The beauty about being human is that you can’t always hold on.  It stops working if you keep trying to use a human interaction or experience.  We never ask what are we using it for.

We hold onto it because we won’t let reality be what it is.

Our pain comes from our fantasy of what we can get.

You can only hold your hand open to truly let the experience be what it is meant to be.

But we are obsessed with pleasure.  It runs out, but for me I hold on to it until it is dead in my hand.  My want, my need, my desire to fulfill my will and self-worth turn life into death.  Even when it is dead, I still try and hold on, and cover up the damage.  The holes I poke, the special things I cam shatter.  I hold on, and that desire turns into regret, that regret turns to shame and that shame becomes my self-worth.  You can only fill the void with so much, until it is your life to scrap at the bottom of the barrel to find things to fill it…

Your identity, experience, and purpose are only self-hatred.

Identity becomes façade

Experience is replaces by an attempt at actions or a process or method that will work fix it all

Purpose gets over shadowed by a result that will somehow give us meaning.

This is the core part of the ‘life’ part of the Sexual Life

Life is –

Identity that shapes Experience that cultivates Purpose 

We don’t have to hold death in our hand.  We don’t have to hide it in our room within ourselves, until it turns to shame.

In life we may make mistakes

In life we may have done terrible things

And terrible things may have been done to us

 

But today is special.  It is one of those days where I said goodbye to someone and couldn’t bring the words to express what I felt.   I walked through the city confused.
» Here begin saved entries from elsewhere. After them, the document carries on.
(* Let $\alpha,\beta,r>0$, $\mu=2\beta r/\alpha$, and let $q(x)=\frac{\alpha}{2\beta}\big(1+\mathbf{W}(-e^{-\mu x-1})\big)$ for $x\ge0$, where $\mathbf{W}$ is the principal-branch Lambert $W$ function (equivalently $q(x)=(\alpha-v_M'(x))/(2\beta)$ with $v_M(x)=\frac{\alpha^2}{4\beta r}[\mathbf{W}(-e^{-\mu x-1})+1]^2$). Consider, for $i=1,2$, the first-order PDE problem $$q(x_1)\frac{\partial v}{\partial x_1}+q(x_2)\frac{\partial v}{\partial x_2}+rv=-q(x_1)q(x_2),\quad x_1,x_2>0,\qquad v(x_1,0)=v(0,x_2)=0.$$ Its solution $v_1^{(1)}$ is given, for $x_1>x_2$, by $$v^{(1)}_1(x_1,x_2)=\frac{\alpha^2}{4\beta^2r}\Big(e^{-rQ(x_2)}\big(1+rQ(x_2)\big)-e^{-rQ(x_1)}\big(1-rQ(x_2)\big)+e^{-r(Q(x_1)+Q(x_2))}-1\Big),$$ where $$Q(x)=\int_0^x\frac{du}{q(u)}=-\frac1r\log\Big(-\mathbf{W}\big(-e^{-\mu x-1}\big)\Big),$$ and, for $x_2\ge x_1$, by the same formula with the roles of $x_1$ and $x_2$ interchanged. The solution $v_2^{(1)}$ of the same problem coincides: $v_2^{(1)}\equiv v_1^{(1)}$.
   Context: This PDE arises as the first-order term $v_i^{(1)}$ in the expansion $V_i=v_M(x_i)+\gamma v_i^{(1)}+\gamma^2v_i^{(2)}+\cdots$ of the value functions of a deterministic linear-demand Bertrand duopoly in the degree of substitutability $\gamma$. *)

theory Defs
  imports "HOL-Analysis.Analysis"
begin

text \<open>Principal branch of the Lambert W function on [-1/e, \<infinity>):
  the unique w \<ge> -1 with w * exp w = y.\<close>
definition lambertW :: "real \<Rightarrow> real" where
  "lambertW y = (THE w. -1 \<le> w \<and> w * exp w = y)"

definition mu :: "real \<Rightarrow> real \<Rightarrow> real \<Rightarrow> real" where
  "mu \<alpha> \<beta> r = 2 * \<beta> * r / \<alpha>"

definition qfun :: "real \<Rightarrow> real \<Rightarrow> real \<Rightarrow> real \<Rightarrow> real" where
  "qfun \<alpha> \<beta> r x = \<alpha> / (2 * \<beta>) * (1 + lambertW (- exp (- mu \<alpha> \<beta> r * x - 1)))"

definition vM :: "real \<Rightarrow> real \<Rightarrow> real \<Rightarrow> real \<Rightarrow> real" where
  "vM \<alpha> \<beta> r x = \<alpha>^2 / (4 * \<beta> * r) * (lambertW (- exp (- mu \<alpha> \<beta> r * x - 1)) + 1)^2"

definition Qfun :: "real \<Rightarrow> real \<Rightarrow> real \<Rightarrow> real \<Rightarrow> real" where
  "Qfun \<alpha> \<beta> r x = - (1 / r) * ln (- lambertW (- exp (- mu \<alpha> \<beta> r * x - 1)))"
lemma summable_entropy: "summable (\<lambda>m. radius m * sqrt (ln (covering_number \<Theta> d (radius m))))"
proof -
  have "summable (\<lambda>m. (diameter_wrt \<Theta> d + 1) / 2 ^ m
      * sqrt (ln (covering_number \<Theta> d ((diameter_wrt \<Theta> d + 1) / 2 ^ m))))"
  proof (rule summable_dyadic_of_nn_integral)
    show "0 < diameter_wrt \<Theta> d + 1" using diameter_nonneg by simp
    show "0 \<le> sqrt (ln (real (covering_number \<Theta> d e)))" if "0 < e" for e
    proof -
      have "1 \<le> real (covering_number \<Theta> d e)" using covering_number_ge_1[OF tb _ that] root by auto
      then show ?thesis by simp
    qed
    show "sqrt (ln (covering_number \<Theta> d e')) \<le> sqrt (ln (covering_number \<Theta> d e))"
      if "0 < e" "e \<le> e'" for e e'
    proof -
      have "1 \<le> real (covering_number \<Theta> d e')"
        using covering_number_ge_1[OF tb _ order.strict_trans2[OF that]] root by auto
      moreover have "real (covering_number \<Theta> d e') \<le> covering_number \<Theta> d e"
        using covering_number_antimono[OF tb that] by simp
      ultimately show ?thesis by simp
    qed
    show "sqrt (ln (covering_number \<Theta> d e)) = 0" if "diameter_wrt \<Theta> d < e" for e
      using covering_number_eq_1[OF semi tb root that] by simp
    show "(\<integral>\<^sup>+e. indicator {0<..diameter_wrt \<Theta> d} e
        * ennreal (sqrt (ln (covering_number \<Theta> d e))) \<partial>lborel) < \<infinity>"
      using dudley by (simp add: dudley_integral_def)
  qed
  then show ?thesis by (simp add: radius_def)
qed

\<comment> \<open>\<open>card (links m) \<le> ((m + 2) N(r\<^sub>m\<^sub>+\<^sub>1))\<^sup>2\<close> splits the entropy into a constant, a term linear in \<open>m\<close> and the Dudley term at the next scale.\<close>
lemma sqrt_ln_card_links_le:
  "sqrt (ln (2 * C * card (links m)) + 1)
    \<le> sqrt (ln (2 * C) + 1) + (real m + 2) + sqrt 2 * sqrt (ln (covering_number \<Theta> d (radius (Suc m))))"
proof -
  define n where "n = real (covering_number \<Theta> d (radius (Suc m)))"
  have n: "1 \<le> n"
    unfolding n_def using covering_number_ge_1[OF tb _ radius_pos] root by auto
  have card: "1 \<le> real (card (links m))"
    using finite_links[of m] links_nonempty[of m] by (simp add: Suc_le_eq card_gt_0_iff)
  have "2 * C * card (links m) \<le> 2 * C * ((real m + 2) * n)\<^sup>2"
    using card_links[of m] C by (intro mult_left_mono) (auto simp: n_def add.commute)
  then have "ln (2 * C * card (links m)) \<le> ln (2 * C * ((real m + 2) * n)\<^sup>2)"
    using card n C by (subst ln_le_cancel_iff) auto
  also have "\<dots> = ln (2 * C) + 2 * ln (real m + 2) + 2 * ln n"
    using C n by (simp add: ln_mult ln_realpow power_mult_distrib)
  finally have "sqrt (ln (2 * C * card (links m)) + 1)
      \<le> sqrt ((ln (2 * C) + 1) + 2 * ln (real m + 2) + 2 * ln n)"
    by simp
  also have "\<dots> \<le> sqrt ((ln (2 * C) + 1) + 2 * ln (real m + 2)) + sqrt (2 * ln n)"
    using C n by (intro sqrt_add_le_add_sqrt) auto
  also have "sqrt ((ln (2 * C) + 1) + 2 * ln (real m + 2))
      \<le> sqrt (ln (2 * C) + 1) + sqrt (2 * ln (real m + 2))"
    using C by (intro sqrt_add_le_add_sqrt) auto
  also have "sqrt (2 * ln (real m + 2)) \<le> real m + 2" by (rule sqrt_2_ln_le) simp
  finally show ?thesis by (simp add: real_sqrt_mult n_def)
qed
My confusion turned to anger, and soon I felt those old feelings come back to haunt me.

Once again a power greater than myself becoming my higher power, only now it does not have to bring me to my knees.

 

I walked through the city, looked at the light shape its way through the buildings.

Looked at the people waking up, the cafes setting up outside so that one more day can continue in Bratislava.

 

It made my mind wander.  I started to think how for these people the day is beginning and for me it is ending.   I looked at their ambition for the day and compared it to the fatigue and emotion that I had.

I walked around taking my time.  Taking pictures with my small camera, and found that moment of god in looking at the light…

The shadows it made on the ground

And the contrast it brought to everything it touched.

 

For many years I worked as a light designer in theatre, as simple as it is, it is very special to me.

I thought about the different physics of light

How we know so little about the physics of light

How the spectrum of it can never be augmented from the source that emits it

How it was discovered that it moves in waves in the 1890s

How it became theorized by Einstein that is has mass

How light can bend

But it didn’t matter how much I thought about it, how much I tried to learn more and more about it, just like now and for the 26 productions I designed it could always leave me speechless.

It may be all these things, and have all these characteristic, but today I was a man in the city experiencing the unexplained beauty of the world I can’t control around me.

I was the boy who wanted excess

I was someone who was brought to my knees by it.

 

And rather than needing an answer, and needing a definition

I could just walk and know that I am part of a world that moves around me.

I can experience the god in everything or I could hold what I think I want in the palm of my hand.  Hold it until it is dead, hiding my wreckage and becoming a slave to those powers greater than myself.

 

We will leave here today in a few hours to Budapest.